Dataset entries
----

lemma uniformly_Cauchy_on_mball:
  fixes f :: "nat \<Rightarrow> 'v \<Rightarrow> 'w"
  assumes "V.mcomplete"
    and cont: "\<And>n. continuous_map V.mtopology W.mtopology (f n)"
    and lim: "\<And>x. limitin W.mtopology (\<lambda>n. f n x) (g x) sequentially"
    and "0 < r"
  obtains N x0 \<rho> where "0 < \<rho>"
    and "\<And>y n k. y \<in> V.mball x0 \<rho> \<Longrightarrow> N \<le> n \<Longrightarrow> N \<le> k \<Longrightarrow> pn_gauge \<mu> (f n y - f k y) \<le> r"
proof -
  define A where "A N = {x. \<forall>n k. N \<le> n \<longrightarrow> N \<le> k \<longrightarrow> pn_gauge \<mu> (f n x - f k x) \<le> r}" for N
  have "\<exists>N. x \<in> A N" for x
  proof -
    have "\<forall>\<^sub>F n in sequentially. pn_gauge \<mu> (f n x - g x) < r / 2"
      using lim[of x, unfolded W.limitin_metric, THEN conjunct2, rule_format, of "r / 2"] \<open>0 < r\<close>
      by simp
    then obtain N where N: "\<And>n. N \<le> n \<Longrightarrow> pn_gauge \<mu> (f n x - g x) < r / 2"
      by (auto simp: eventually_sequentially)
    have "pn_gauge \<mu> (f n x - f k x) \<le> r" if "N \<le> n" "N \<le> k" for n k
      using W.triangle[of "f n x" "g x" "f k x"] W.commute[of "g x" "f k x"]
        N[OF that(1)] N[OF that(2)] by simp
    then show ?thesis unfolding A_def by blast
  qed
  then have "(\<Union>N. A N) = topspace V.mtopology"
    by auto
  then have "V.mtopology interior_of (\<Union>N. A N) \<noteq> {}"
    by (simp only: interior_of_topspace) (simp add: V.topspace_mtopology)
  moreover have "V.mtopology interior_of (\<Union>N. A N) = {}" if "\<And>N. V.mtopology interior_of A N = {}"
    using closedin_uniformly_Cauchy_set[OF cont] that
    by (intro V.metric_Baire_category_alt[OF \<open>V.mcomplete\<close>]) (auto simp: A_def)
  ultimately obtain N where "V.mtopology interior_of A N \<noteq> {}"
    by blast
  then obtain x0 \<rho> where \<rho>: "0 < \<rho>" and ball: "V.mball x0 \<rho> \<subseteq> A N"
    by (auto simp: V.in_interior_of_mball)
  show ?thesis
  proof (rule that[OF \<rho>])
    fix y n k assume "y \<in> V.mball x0 \<rho>" "N \<le> n" "N \<le> k"
    then show "pn_gauge \<mu> (f n y - f k y) \<le> r" using ball by (auto simp: A_def)
  qed
qed

lemma continuous_map_pointwise_limit:
  fixes f :: "nat \<Rightarrow> 'v \<Rightarrow> 'w"
  assumes "V.mcomplete"
    and lin: "\<And>n. linear (f n)"
    and cont: "\<And>n. continuous_map V.mtopology W.mtopology (f n)"
    and lim: "\<And>x. limitin W.mtopology (\<lambda>n. f n x) (g x) sequentially"
  shows "continuous_map V.mtopology W.mtopology g"
proof -
  have "linear g" using lin lim by (rule W.linear_pointwise_limit)
  show ?thesis unfolding linear_continuous_map_iff[OF \<open>linear g\<close>]
  proof (intro allI impI)
    fix e :: real assume "0 < e"
    define r where "r = e / 4"
    have "0 < r" using \<open>0 < e\<close> by (simp add: r_def)
    obtain N x0 \<rho> where "0 < \<rho>" and close:
      "\<And>y n k. y \<in> V.mball x0 \<rho> \<Longrightarrow> N \<le> n \<Longrightarrow> N \<le> k \<Longrightarrow> pn_gauge \<mu> (f n y - f k y) \<le> r"
      using uniformly_Cauchy_on_mball[OF assms(1) cont lim \<open>0 < r\<close>] by metis
    have close_0: "pn_gauge \<mu> (f n y - f N y) \<le> 2 * r" if "pn_gauge \<nu> y < \<rho>" "N \<le> n" for y n
    proof -
      have "x0 + y \<in> V.mball x0 \<rho>" "x0 \<in> V.mball x0 \<rho>"
        using that(1) \<open>0 < \<rho>\<close> by (simp_all add: V.gauge_minus)
      then have "pn_gauge \<mu> (f n (x0 + y) - f N (x0 + y)) \<le> r"
        and "pn_gauge \<mu> (f n x0 - f N x0) \<le> r"
        using close that(2) by blast+
      moreover have "f n y - f N y = (f n (x0 + y) - f N (x0 + y)) - (f n x0 - f N x0)"
        by (simp add: linear_add[OF lin] algebra_simps)
      then have "pn_gauge \<mu> (f n y - f N y)
          \<le> pn_gauge \<mu> (f n (x0 + y) - f N (x0 + y)) + pn_gauge \<mu> (f n x0 - f N x0)"
        by (metis W.gauge_diff)
      ultimately show ?thesis by linarith
    qed
    obtain \<delta> where "0 < \<delta>" and \<delta>: "\<And>y. pn_gauge \<nu> y < \<delta> \<Longrightarrow> pn_gauge \<mu> (f N y) < r"
      using cont[of N] \<open>0 < r\<close> unfolding linear_continuous_map_iff[OF lin] by blast
    have "pn_gauge \<mu> (g y) < e" if y: "pn_gauge \<nu> y < min \<rho> \<delta>" for y
    proof -
      have "\<forall>\<^sub>F n in sequentially. pn_gauge \<mu> (f n y - g y) < r \<and> N \<le> n"
        using lim[of y] \<open>0 < r\<close>
        by (auto simp: W.limitin_metric intro: eventually_conj eventually_ge_at_top)
      then obtain n where n: "pn_gauge \<mu> (f n y - g y) < r" "N \<le> n"
        using eventually_happens'[OF sequentially_bot] by blast
      have "pn_gauge \<mu> (g y)
          \<le> pn_gauge \<mu> (g y - f n y) + pn_gauge \<mu> (f n y - f N y) + pn_gauge \<mu> (f N y)"
        using W.gauge_add[of "g y - f n y" "f n y - f N y"] W.gauge_add[of "g y - f N y" "f N y"]
        by simp
      also have "\<dots> < r + 2 * r + r"
        using n close_0[of y n] \<delta>[of y] y W.gauge_minus_commute[of "g y"] by fastforce
      finally show ?thesis by (simp add: r_def)
    qed
    then show "\<exists>\<delta>>0. \<forall>y. pn_gauge \<nu> y < \<delta> \<longrightarrow> pn_gauge \<mu> (g y) < e"
      using \<open>0 < \<rho>\<close> \<open>0 < \<delta>\<close> by (intro exI[of _ "min \<rho> \<delta>"]) auto
  qed
qed

end

theorem theorem4p12:
  fixes \<nu> :: "'v::real_vector \<Rightarrow> real \<Rightarrow> real"
    and \<mu> :: "'w::real_vector \<Rightarrow> real \<Rightarrow> real"
    and Ts :: "nat \<Rightarrow> 'v \<Rightarrow> 'w"
    and T :: "'v \<Rightarrow> 'w"
  assumes "pn_space \<nu>" and "strongly_complete \<nu>"
    and "pn_space \<mu>"
    and "\<And>n. Ts n \<in> bounded_ops \<nu> \<mu>"
    and "\<And>x. strong_conv \<mu> (\<lambda>n. Ts n x) (T x)"
  shows "linear T \<and> T \<in> bounded_ops \<nu> \<mu>"
proof -
  interpret PN_pair \<nu> \<mu>
    using assms(1,3) by (simp add: PN_pair_def PN_space_def)
  have lin: "linear (Ts n)" and cont: "continuous_map V.mtopology W.mtopology (Ts n)" for n
    using assms(4)[of n] by (simp_all add: bounded_ops_def strong_continuous_iff_continuous_map)
  have lim: "limitin W.mtopology (\<lambda>n. Ts n x) (T x) sequentially" for x
    using assms(5)[of x] by (simp add: W.strong_conv_iff_limitin)
  have "linear T"
    using lin lim by (rule W.linear_pointwise_limit)
  moreover have "strong_continuous \<nu> \<mu> T"
    using continuous_map_pointwise_limit[OF V.mcomplete_if_strongly_complete[OF assms(2)]
        lin cont lim]
    by (simp add: strong_continuous_iff_continuous_map)
  ultimately show ?thesis by (simp add: bounded_ops_def)
qed

end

----

EXERCISE DIRECTIONS:
Filter the entries down to the lines that include the string "exists".

WRITTEN ANSWER:
  have "\<exists>N. x \<in> A N" for x
    then show "\<exists>\<delta>>0. \<forall>y. pn_gauge \<nu> y < \<delta> \<longrightarrow> pn_gauge \<mu> (g y) < e"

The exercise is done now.